• What this task involves: Scan the records below. Copy every line in which the word "nondegenerate" appears.

======

(* Let $n_1,\dots,n_m$ be positive integers, $n=n_1+\cdots+n_m$, let $\tau$ be a smooth $k$-representation of $M'=M'_{n_1,\dots,n_m}$ on a space $E$, and let $\theta$ be a non-degenerate character of $U=U_{n_1}\times\cdots\times U_{n_m}$. Then $\tau^{(n)}_{\theta}\neq0$ if and only if $\mathrm{Hom}_{k[U]}(\tau,\theta)\neq0$; in particular, this is equivalent to the $(U,\theta)$-coinvariants $E/\langle\tau(u)a-\theta(u)a: u\in U,a\in E\rangle$ of $\tau$ being non-zero.
   Context: $F$ is a non-archimedean locally compact field of residual characteristic $p$, $k$ an algebraically closed field of characteristic $\ell\neq p$. $M_{n_1,\dots,n_m}=\mathrm{GL}_{n_1}(F)\times\cdots\times\mathrm{GL}_{n_m}(F)$ embedded block-diagonally in $\mathrm{GL}_n(F)$, and $M'_{n_1,\dots,n_m}=M_{n_1,\dots,n_m}\cap\mathrm{SL}_n(F)$. $U_{n_i}$ is the upper unitriangular subgroup of $\mathrm{GL}_{n_i}(F)$, and $\theta:U\to k^\times$ is a smooth character trivial on $[U,U]$ and nontrivial on each simple root subgroup. Derivative: for $1\le s\le m$ and $2\le j\le n_s$ let $N_{s,j}\subset U$ be the subgroup of elements equal to the identity in all blocks except block $s$, where the entry is an upper unitriangular matrix whose only possibly nonzero off-diagonal entries are in column $j$, rows $1,\dots,j-1$. List these groups as $N_{m,n_m},N_{m,n_m-1},\dots,N_{m,2},N_{m-1,n_{m-1}},\dots,N_{1,2}$. Put $E_0=E$ and let $E_t$ be the quotient of $E_{t-1}$ by the span of $g a-\theta(g)a$ for $g$ in the $t$-th group of the list and $a\in E_{t-1}$ (each $E_{t-1}$ is naturally acted on by the later groups of the list). The last quotient, a $k$-vector space, is the $n$-th derivative $\tau^{(n)}_\theta$ (denoted $\tau^{(n_1+\cdots+n_m)}_{\theta,m}$ in the paper). *)

theory Defs
  imports "Jordan_Normal_Form.Determinant" "HOL-Computational_Algebra.Polynomial"
begin

definition nonarch_local_field :: "('f::field \<Rightarrow> real) \<Rightarrow> nat \<Rightarrow> bool" where
  "nonarch_local_field absv p \<longleftrightarrow>
     (\<forall>x. absv x \<ge> 0) \<and> (\<forall>x. absv x = 0 \<longleftrightarrow> x = 0) \<and>
     (\<forall>x y. absv (x * y) = absv x * absv y) \<and>
     (\<forall>x y. absv (x + y) \<le> max (absv x) (absv y)) \<and>
     (\<exists>x. absv x \<noteq> 0 \<and> absv x \<noteq> 1) \<and>
     \<comment> \<open>local compactness: the closed unit ball is sequentially compact\<close>
     (\<forall>X :: nat \<Rightarrow> 'f. (\<forall>i. absv (X i) \<le> 1) \<longrightarrow>
        (\<exists>r L. strict_mono r \<and> (\<lambda>i. absv (X (r i) - L)) \<longlonglongrightarrow> 0)) \<and>
     \<comment> \<open>residual characteristic p\<close>
     prime p \<and> absv (of_nat p) < 1"

definition alg_closed_field :: "'k::field itself \<Rightarrow> bool" where
  "alg_closed_field _ \<longleftrightarrow> (\<forall>q :: 'k poly. degree q > 0 \<longrightarrow> (\<exists>x. poly q x = 0))"

text \<open>Blocks are numbered 0..m-1; block s occupies the indices
  offs ns s ..< offs ns s + ns!s (0-based).\<close>

definition offs :: "nat list \<Rightarrow> nat \<Rightarrow> nat" where
  "offs ns s = sum_list (take s ns)"

definition blk :: "nat list \<Rightarrow> nat \<Rightarrow> nat" where
  "blk ns i = (LEAST s. i < offs ns (Suc s))"

definition block_diag :: "nat list \<Rightarrow> 'f::field mat \<Rightarrow> bool" where
  "block_diag ns A \<longleftrightarrow> A \<in> carrier_mat (sum_list ns) (sum_list ns) \<and>
     (\<forall>i < sum_list ns. \<forall>j < sum_list ns. blk ns i \<noteq> blk ns j \<longrightarrow> A $$ (i, j) = 0)"

definition Mprime :: "nat list \<Rightarrow> 'f::field mat set" where
  "Mprime ns = {A. block_diag ns A \<and> det A = 1}"

definition Ugrp :: "nat list \<Rightarrow> 'f::field mat set" where
  "Ugrp ns = {A. block_diag ns A \<and>
     (\<forall>i < sum_list ns. A $$ (i, i) = 1) \<and>
     (\<forall>i < sum_list ns. \<forall>j < i. A $$ (i, j) = 0)}"

definition elem_mat :: "nat \<Rightarrow> nat \<Rightarrow> nat \<Rightarrow> 'f::field \<Rightarrow> 'f mat" where
  "elem_mat n a b x = mat n n (\<lambda>(i, j). if i = j then 1 else if i = a \<and> j = b then x else 0)"

text \<open>N_{s,j} (paper's 1-based j with 2 \<le> j \<le> n_s) corresponds here to 0-based block s
  and 0-based column c = j - 1 with 1 \<le> c < n_s: the matrices equal to the identity
  except possibly in column offs s + c, rows offs s ..< offs s + c.\<close>
definition Ngrp :: "nat list \<Rightarrow> nat \<Rightarrow> nat \<Rightarrow> 'f::field mat set" where
  "Ngrp ns s c = {A. A \<in> carrier_mat (sum_list ns) (sum_list ns) \<and>
     (\<forall>a < sum_list ns. \<forall>b < sum_list ns.
        A $$ (a, b) \<noteq> (1\<^sub>m (sum_list ns)) $$ (a, b) \<longrightarrow>
          (b = offs ns s + c \<and> offs ns s \<le> a \<and> a < offs ns s + c))}"

definition Nlist :: "nat list \<Rightarrow> 'f::field mat set list" where
  "Nlist ns = concat (map (\<lambda>s. map (\<lambda>c. Ngrp ns s c) (rev [1..<ns ! s])) (rev [0..<length ns]))"

definition near_one :: "('f::field \<Rightarrow> real) \<Rightarrow> nat \<Rightarrow> real \<Rightarrow> 'f mat \<Rightarrow> bool" where
  "near_one absv n r g \<longleftrightarrow> (\<forall>i < n. \<forall>j < n. absv (g $$ (i, j) - (1\<^sub>m n) $$ (i, j)) < r)"

definition smooth_rep ::
  "('f::field \<Rightarrow> real) \<Rightarrow> nat list \<Rightarrow> ('k::field \<Rightarrow> 'e::ab_group_add \<Rightarrow> 'e) \<Rightarrow> ('f mat \<Rightarrow> 'e \<Rightarrow> 'e) \<Rightarrow> bool" where
  "smooth_rep absv ns smul rho \<longleftrightarrow>
     vector_space smul \<and>
     (\<forall>g \<in> Mprime ns. Vector_Spaces.linear smul smul (rho g)) \<and>
     rho (1\<^sub>m (sum_list ns)) = id \<and>
     (\<forall>g \<in> Mprime ns. \<forall>h \<in> Mprime ns. rho (g * h) = rho g \<circ> rho h) \<and>
     (\<forall>a. \<exists>r > 0. \<forall>g \<in> Mprime ns. near_one absv (sum_list ns) r g \<longrightarrow> rho g a = a)"

definition smooth_char_U :: "('f::field \<Rightarrow> real) \<Rightarrow> nat list \<Rightarrow> ('f mat \<Rightarrow> 'k::field) \<Rightarrow> bool" where
  "smooth_char_U absv ns \<theta> \<longleftrightarrow>
     (\<forall>u \<in> Ugrp ns. \<theta> u \<noteq> 0) \<and>
     (\<forall>u \<in> Ugrp ns. \<forall>v \<in> Ugrp ns. \<theta> (u * v) = \<theta> u * \<theta> v) \<and>
     (\<exists>r > 0. \<forall>u \<in> Ugrp ns. near_one absv (sum_list ns) r u \<longrightarrow> \<theta> u = 1)"

definition nondegenerate :: "nat list \<Rightarrow> ('f::field mat \<Rightarrow> 'k::field) \<Rightarrow> bool" where
  "nondegenerate ns \<theta> \<longleftrightarrow>
     (\<forall>s < length ns. \<forall>i. i + 1 < ns ! s \<longrightarrow>
        (\<exists>x. \<theta> (elem_mat (sum_list ns) (offs ns s + i) (offs ns s + i + 1) x) \<noteq> 1))"

text \<open>Iterated quotients: E_t = E / K_t, where K_t is the kernel of E \<rightarrow> E_t.  Since every element
  of E_{t-1} is the class of some a \<in> E and g acts on classes by g[a] = [g a], the kernel of
  E \<rightarrow> E_t is K_{t-1} + span{g a - \<theta>(g) a : g \<in> t-th group, a \<in> E}.\<close>
fun deriv_kernel :: "('k::field \<Rightarrow> 'e::ab_group_add \<Rightarrow> 'e) \<Rightarrow> ('f mat \<Rightarrow> 'e \<Rightarrow> 'e) \<Rightarrow> ('f mat \<Rightarrow> 'k)
     \<Rightarrow> 'e set \<Rightarrow> 'f mat set list \<Rightarrow> 'e set" where
  "deriv_kernel smul rho \<theta> K [] = K"
| "deriv_kernel smul rho \<theta> K (G # Gs) =
     deriv_kernel smul rho \<theta> (module.span smul (K \<union> {rho g a - smul (\<theta> g) a | g a. g \<in> G})) Gs"

definition derivative_nonzero :: "nat list \<Rightarrow> ('k::field \<Rightarrow> 'e::ab_group_add \<Rightarrow> 'e) \<Rightarrow> ('f::field mat \<Rightarrow> 'e \<Rightarrow> 'e)
     \<Rightarrow> ('f mat \<Rightarrow> 'k) \<Rightarrow> bool" where
  "derivative_nonzero ns smul rho \<theta> \<longleftrightarrow> deriv_kernel smul rho \<theta> {0} (Nlist ns) \<noteq> UNIV"

definition hom_U_nonzero :: "nat list \<Rightarrow> ('k::field \<Rightarrow> 'e::ab_group_add \<Rightarrow> 'e) \<Rightarrow> ('f::field mat \<Rightarrow> 'e \<Rightarrow> 'e)
     \<Rightarrow> ('f mat \<Rightarrow> 'k) \<Rightarrow> bool" where
  "hom_U_nonzero ns smul rho \<theta> \<longleftrightarrow>
     (\<exists>phi. Vector_Spaces.linear smul ((*) :: 'k \<Rightarrow> 'k \<Rightarrow> 'k) phi \<and>
          (\<forall>u \<in> Ugrp ns. \<forall>a. phi (rho u a) = \<theta> u * phi a) \<and> phi \<noteq> (\<lambda>_. 0))"

definition coinvariants_nonzero :: "nat list \<Rightarrow> ('k::field \<Rightarrow> 'e::ab_group_add \<Rightarrow> 'e) \<Rightarrow> ('f::field mat \<Rightarrow> 'e \<Rightarrow> 'e)
     \<Rightarrow> ('f mat \<Rightarrow> 'k) \<Rightarrow> bool" where
  "coinvariants_nonzero ns smul rho \<theta> \<longleftrightarrow>
     module.span smul {rho u a - smul (\<theta> u) a | u a. u \<in> Ugrp ns} \<noteq> UNIV"

end

theory Submission
  imports Defs
begin

(* The kernel of E -> tau^(n) is the span of the vectors rho g a - theta(g) a with g in one of
   the groups N_{s,j}, since each quotient step only adds such vectors to the kernel.  Splitting
   off its columns from the right writes every u in U as a product of elements of the N_{s,j},
   and the identity
     rho(gh) a - theta(gh) a = (rho g b - theta(g) b) + theta(g) (rho h a - theta(h) a),  b = rho h a,
   shows that this span is the span of all rho u a - theta(u) a with u in U.  So tau^(n) is the
   space of (U, theta)-coinvariants, and a nonzero linear functional vanishes on a subspace exactly
   when the subspace is proper. *)

definition twisted_diffs ::
  "('k \<Rightarrow> 'e::ab_group_add \<Rightarrow> 'e) \<Rightarrow> ('g \<Rightarrow> 'e \<Rightarrow> 'e) \<Rightarrow> ('g \<Rightarrow> 'k) \<Rightarrow> 'g set \<Rightarrow> 'e set" where
  "twisted_diffs smul rho \<theta> X = {rho g a - smul (\<theta> g) a | g a. g \<in> X}"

======

• Answer to this exercise:
definition nondegenerate :: "nat list \<Rightarrow> ('f::field mat \<Rightarrow> 'k::field) \<Rightarrow> bool" where
  "nondegenerate ns \<theta> \<longleftrightarrow>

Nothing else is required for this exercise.